Hey thanks - I might just try that!


----------



## gri (Nov 20, 2020)

i bought 2 repro fuzz boards. built one to spec and yeah i was totally underwhelmed.  i have a bunch of germanium/nos/silicon trans. i swapped in a few. a old russian germanium sounds kinda nice but its doesnt hold a candle to a cloven hoof or even my old muff and hyperfuzz.  think i may build the 2nd one but try and mod alot of the values and Q's. suggestions?


----------



## untamedfrontier (Nov 20, 2020)

HamishR said:


> Not super impressed with the Repro Fuzz though.  So I went onto google and Youtube and yes, my version sounds pretty much as it's supposed to.  Very scooped sounding with harsh highs.  And even though it does have highs it still has that weird thing where it sounds muffled even though the is enough high end.  Weird.  I should have listened to youtube more carefully before building it!  Oh well, I can always use the box for another pedal...  I'm sure I'll be able to find a 4-knob pedal to built.



Funny you (and chuck) say this, because I have both the real and built the repro, and it's definitely one of my favorite Fuzz/Dist pedals.

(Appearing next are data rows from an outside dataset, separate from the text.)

(* Let $S^1=\{z\in\mathbb{C}:|z|=1\}$, $\alpha\in(0,1)$, and $f:S^1\to S^1$, $f(z)=ze^{2\pi i\alpha}$. Let $\Delta$ be the partition of $S^1$ into orbits $\{f^k(z):k\in\mathbb{Z}\}$, $Y=S^1/\Delta$ with the quotient topology, and $p:S^1\to Y$ the projection. Then $p$ has property (CONT) for every $\alpha$, and $p$ has property (COMP) if and only if $\alpha$ is rational.
   Context: A $\Delta$-map is a continuous $h:S^1\to S^1$ mapping each element of $\Delta$ into some element of $\Delta$; $\mathrm{End}(S^1,\Delta)$ is the monoid of $\Delta$-maps, $\mathrm{End}(Y)=C(Y,Y)$, and $\psi(h)$ is the unique map with $p\circ h=\psi(h)\circ p$. Property (COMP): for every compact $L\subset Y$ there is a compact $K\subset S^1$ with $p(K)=L$. Property (CONT): $\psi:\mathrm{End}(S^1,\Delta)\to\mathrm{End}(Y)$ is continuous with respect to compact open topologies. *)

theory Defs
  imports "HOL-Analysis.Analysis"
begin

definition quotient_space :: "'a topology \<Rightarrow> 'a set set \<Rightarrow> 'a set topology" where
  "quotient_space X Delta = topology (\<lambda>U. U \<subseteq> Delta \<and> openin X (\<Union>U))"

definition part_proj :: "'a set set \<Rightarrow> 'a \<Rightarrow> 'a set" where
  "part_proj Delta x = (THE D. D \<in> Delta \<and> x \<in> D)"

text \<open>Continuous self-maps of X, represented extensionally (undefined off the carrier).\<close>
definition End_maps :: "'a topology \<Rightarrow> ('a \<Rightarrow> 'a) set" where
  "End_maps X = {h. continuous_map X X h \<and> h \<in> extensional (topspace X)}"

definition Delta_maps :: "'a topology \<Rightarrow> 'a set set \<Rightarrow> ('a \<Rightarrow> 'a) set" where
  "Delta_maps X Delta = {h \<in> End_maps X. \<forall>D\<in>Delta. \<exists>E\<in>Delta. h ` D \<subseteq> E}"

definition compact_open :: "'a topology \<Rightarrow> ('a \<Rightarrow> 'a) set \<Rightarrow> ('a \<Rightarrow> 'a) topology" where
  "compact_open X C =
     topology_generated_by {{h \<in> C. h ` K \<subseteq> U} | K U. compactin X K \<and> openin X U}"

definition psi :: "'a topology \<Rightarrow> 'a set set \<Rightarrow> ('a \<Rightarrow> 'a) \<Rightarrow> ('a set \<Rightarrow> 'a set)" where
  "psi X Delta h = (THE g. g \<in> End_maps (quotient_space X Delta) \<and>
        (\<forall>x\<in>topspace X. part_proj Delta (h x) = g (part_proj Delta x)))"

definition prop_COMP :: "'a topology \<Rightarrow> 'a set set \<Rightarrow> bool" where
  "prop_COMP X Delta \<longleftrightarrow>
     (\<forall>L. compactin (quotient_space X Delta) L \<longrightarrow>
          (\<exists>K. compactin X K \<and> part_proj Delta ` K = L))"

definition prop_CONT :: "'a topology \<Rightarrow> 'a set set \<Rightarrow> bool" where
  "prop_CONT X Delta \<longleftrightarrow>
     continuous_map (compact_open X (Delta_maps X Delta))
       (compact_open (quotient_space X Delta) (End_maps (quotient_space X Delta)))
       (psi X Delta)"

definition circle :: "complex topology" where
  "circle = top_of_set (sphere 0 1)"

definition rot_orbit :: "real \<Rightarrow> complex \<Rightarrow> complex set" where
  "rot_orbit \<alpha> z = {z * exp (2 * of_real pi * \<i> * of_real \<alpha>) powi k | k :: int. True}"

definition rot_partition :: "real \<Rightarrow> complex set set" where
  "rot_partition \<alpha> = {rot_orbit \<alpha> z | z. z \<in> sphere 0 1}"

end

theory Submission
  imports Defs
begin

text \<open>
  If the blocks of a partition are closed and the distance to a block is constant along every
  block, the quotient is Hausdorff. For rational \<open>\<alpha>\<close> the orbits are finite, hence closed, and the
  rotations are isometries permuting them; so \<open>Y\<close> is compact Hausdorff, and the union of the
  blocks of a compact \<open>L \<subseteq> Y\<close> is closed, hence compact, in \<open>S\<^sup>1\<close>. This gives (COMP) at once,
  and (CONT) because \<open>\<psi>\<close> pulls the subbasic set \<open>{g. g(L) \<subseteq> V}\<close> back to the subbasic set
  \<open>{h. h(\<Union>L) \<subseteq> \<Union>V}\<close>.

  For irrational \<open>\<alpha>\<close> every orbit is dense, so \<open>Y\<close> is indiscrete: (CONT) is immediate and every
  subset of \<open>Y\<close> is compact. A compact \<open>K \<subseteq> S\<^sup>1\<close> projecting onto all orbits but that of \<open>1\<close>
  would, with its countably many rotated copies and the points of that orbit, cover \<open>S\<^sup>1\<close>. By
  Baire one copy has interior, which meets the dense orbit of \<open>1\<close>, although \<open>K\<close> misses it.
\<close>

section \<open>Quotients by a partition\<close>

lemma topspace_compact_open [simp]: "topspace (compact_open X C) = C"
proof -
  have "C \<in> {{h \<in> C. h ` K \<subseteq> U} | K U. compactin X K \<and> openin X U}"
    by (rule CollectI, rule exI[of _ "{}"], rule exI[of _ "{}"]) auto
  then show ?thesis
    unfolding compact_open_def topology_generated_by_topspace by blast
qed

I guess that's why there are 9,000 different tubescreamers out there  ? 

One of my favorite sounds with it is with my Mustang stacked with another OD and through 2 amps at the same time (Fender Twin and Ampeg B15). Sounds like a dream


----------



## Chuck D. Bones (Nov 20, 2020)

I'd like to think that rig would sound great even without the Repro.


----------



## Chuck D. Bones (Nov 20, 2020)

gri said:


> i bought 2 repro fuzz boards. built one to spec and yeah i was totally underwhelmed.  i have a bunch of germanium/nos/silicon trans. i swapped in a few. a old russian germanium sounds kinda nice but its doesnt hold a candle to a cloven hoof or even my old muff and hyperfuzz.  think i may build the 2nd one but try and mod alot of the values and Q's. suggestions?


Try swapping Q1 & Q2, also, check out the tone stack mods I suggested above.  It's basically a Fuzz Face with a Fender Tone stack, so adjust your expectations accordingly.


----------



## HamishR (Nov 20, 2020)

untamedfrontier said:


> Funny you (and chuck) say this, because I have both the real and built the repro, and it's definitely one of my favorite Fuzz/Dist pedals. I guess that's why there are 9,000 different tubescreamers out there ?

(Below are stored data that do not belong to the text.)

(* In any $\delta$-ring $A$, for every $n\ge1$ and $f\in A$, \[ \delta_n(f)=\sum_{k=0}^{n-1}\theta_{n-k}(\delta_k(f)). \]
   Context: A $\delta$-ring is a commutative ring with $\delta$ such that $\phi(x)=x^p+p\delta(x)$ is a ring endomorphism. The operations $\delta_k$ are the Witt components of the map $A\to W(A)$ encoding the $\delta$-structure, characterized by $\phi^n(f)=\sum_{k=0}^np^k\delta_k(f)^{p^{n-k}}$ for all $n$ (so $\delta_0=\mathrm{id}$, $\delta_1=\delta$). The operations $\theta_n$ ($n\ge1$) are the natural operations characterized by $\phi(f^{p^{n-1}})=f^{p^n}+p^n\theta_n(f)$. *)

theory Defs
  imports Main "HOL-Library.Poly_Mapping" "HOL-Computational_Algebra.Primes"
begin

text \<open>Delta-rings (for a fixed prime p), in the standard (Joyal / Bhatt--Scholze) axiomatisation,
  valid for arbitrary commutative rings: these axioms say exactly that
  phi(x) = x^p + p * delta(x) is a ring endomorphism, with the division by p in the additivity
  rule performed on the integer coefficients (p divides (p choose i) for 0 < i < p).\<close>

definition delta_ring :: "nat \<Rightarrow> ('a::comm_ring_1 \<Rightarrow> 'a) \<Rightarrow> bool" where
  "delta_ring p \<delta> \<longleftrightarrow>
     \<delta> 0 = 0 \<and> \<delta> 1 = 0 \<and>
     (\<forall>x y. \<delta> (x * y) = x ^ p * \<delta> y + y ^ p * \<delta> x + of_nat p * \<delta> x * \<delta> y) \<and>
     (\<forall>x y. \<delta> (x + y) = \<delta> x + \<delta> y
              - (\<Sum>i\<in>{1..p-1}. of_nat ((p choose i) div p) * x ^ i * y ^ (p - i)))"

definition frobenius :: "nat \<Rightarrow> ('a::comm_ring_1 \<Rightarrow> 'a) \<Rightarrow> 'a \<Rightarrow> 'a" where
  "frobenius p \<delta> x = x ^ p + of_nat p * \<delta> x"

text \<open>Integer polynomials in countably many variables x_0, x_1, ...
  (x_i stands for delta^i(x) in the free delta-ring on one generator x).\<close>

type_synonym ipoly = "(nat \<Rightarrow>\<^sub>0 nat) \<Rightarrow>\<^sub>0 int"

definition Var :: "nat \<Rightarrow> ipoly" where
  "Var i = Poly_Mapping.single (Poly_Mapping.single i 1) 1"

definition eval_ipoly :: "(nat \<Rightarrow> 'a::comm_ring_1) \<Rightarrow> ipoly \<Rightarrow> 'a" where
  "eval_ipoly a P =
     (\<Sum>m\<in>Poly_Mapping.keys P. of_int (Poly_Mapping.lookup P m) *
        (\<Prod>i\<in>Poly_Mapping.keys m. a i ^ Poly_Mapping.lookup m i))"

definition phi_ipoly :: "nat \<Rightarrow> ipoly \<Rightarrow> ipoly" where
  "phi_ipoly p P = eval_ipoly (\<lambda>i. Var i ^ p + of_nat p * Var (Suc i)) P"

definition div_ipoly :: "int \<Rightarrow> ipoly \<Rightarrow> ipoly" where
  "div_ipoly c P = Poly_Mapping.map (\<lambda>z. z div c) P"

text \<open>Universal polynomials for delta_0, ..., delta_n, from the ghost identity
  phi^n(x) = sum_(k=0..n) p^k delta_k(x)^(p^(n-k)).\<close>
primrec delta_univ_list :: "nat \<Rightarrow> nat \<Rightarrow> ipoly list" where
  "delta_univ_list p 0 = [Var 0]"
| "delta_univ_list p (Suc n) = delta_univ_list p n @
     [div_ipoly (int p ^ Suc n)
        ((phi_ipoly p ^^ Suc n) (Var 0)
         - (\<Sum>k<Suc n. of_nat (p ^ k) * (delta_univ_list p n ! k) ^ (p ^ (Suc n - k))))]"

Exactly!  Sometimes I'll see what another player has set up at a gig and think "Oh dear, that's going to sound awful!" only to have them come on and play and it sounds great. Then at other times the opposite - at one gig a year or so back in the band before us the guitar player had some very pricey, TGP-approved gear - and it sounded like mud.

As much as I am really not a huge fan of the classic green TS there is a local player who is a bit of a legend here and in the alternative scene in the US and he currently plays a Yamaha Revstar with P90s through two TS9s and an AC30 and gets a huge range of tones which suit his playing perfectly.  That's probably why he is the legend and I'm not.


----------



## Gordo (Nov 21, 2020)

I've always been a Yamaha fan but just hate the looks of the Revstar.  That said, I really like the way they (especially the P90 version) sound.


----------



## HamishR (Nov 21, 2020)

I'm conflicted over the looks too - I wouldn't say I hate the looks of the Revstars but they don't scream out to me to buy them either. I haven't plugged one in but they look and feel well enough built, and I love the idea of the P90 version. And I have an amazing Gretsch '59 VS Duo Jet which probably covers similar ground - it's a killer guitar.


----------



## untamedfrontier (Nov 23, 2020)

Chuck D. Bones said:


> I'd like to think that rig would sound great even without the Repro.


It definitely does, fun fact about the twin is that my drummer bought it from the old Fort Apache in Boston, so there is a decent shot it's been on some pretty interesting recordings (link)


----------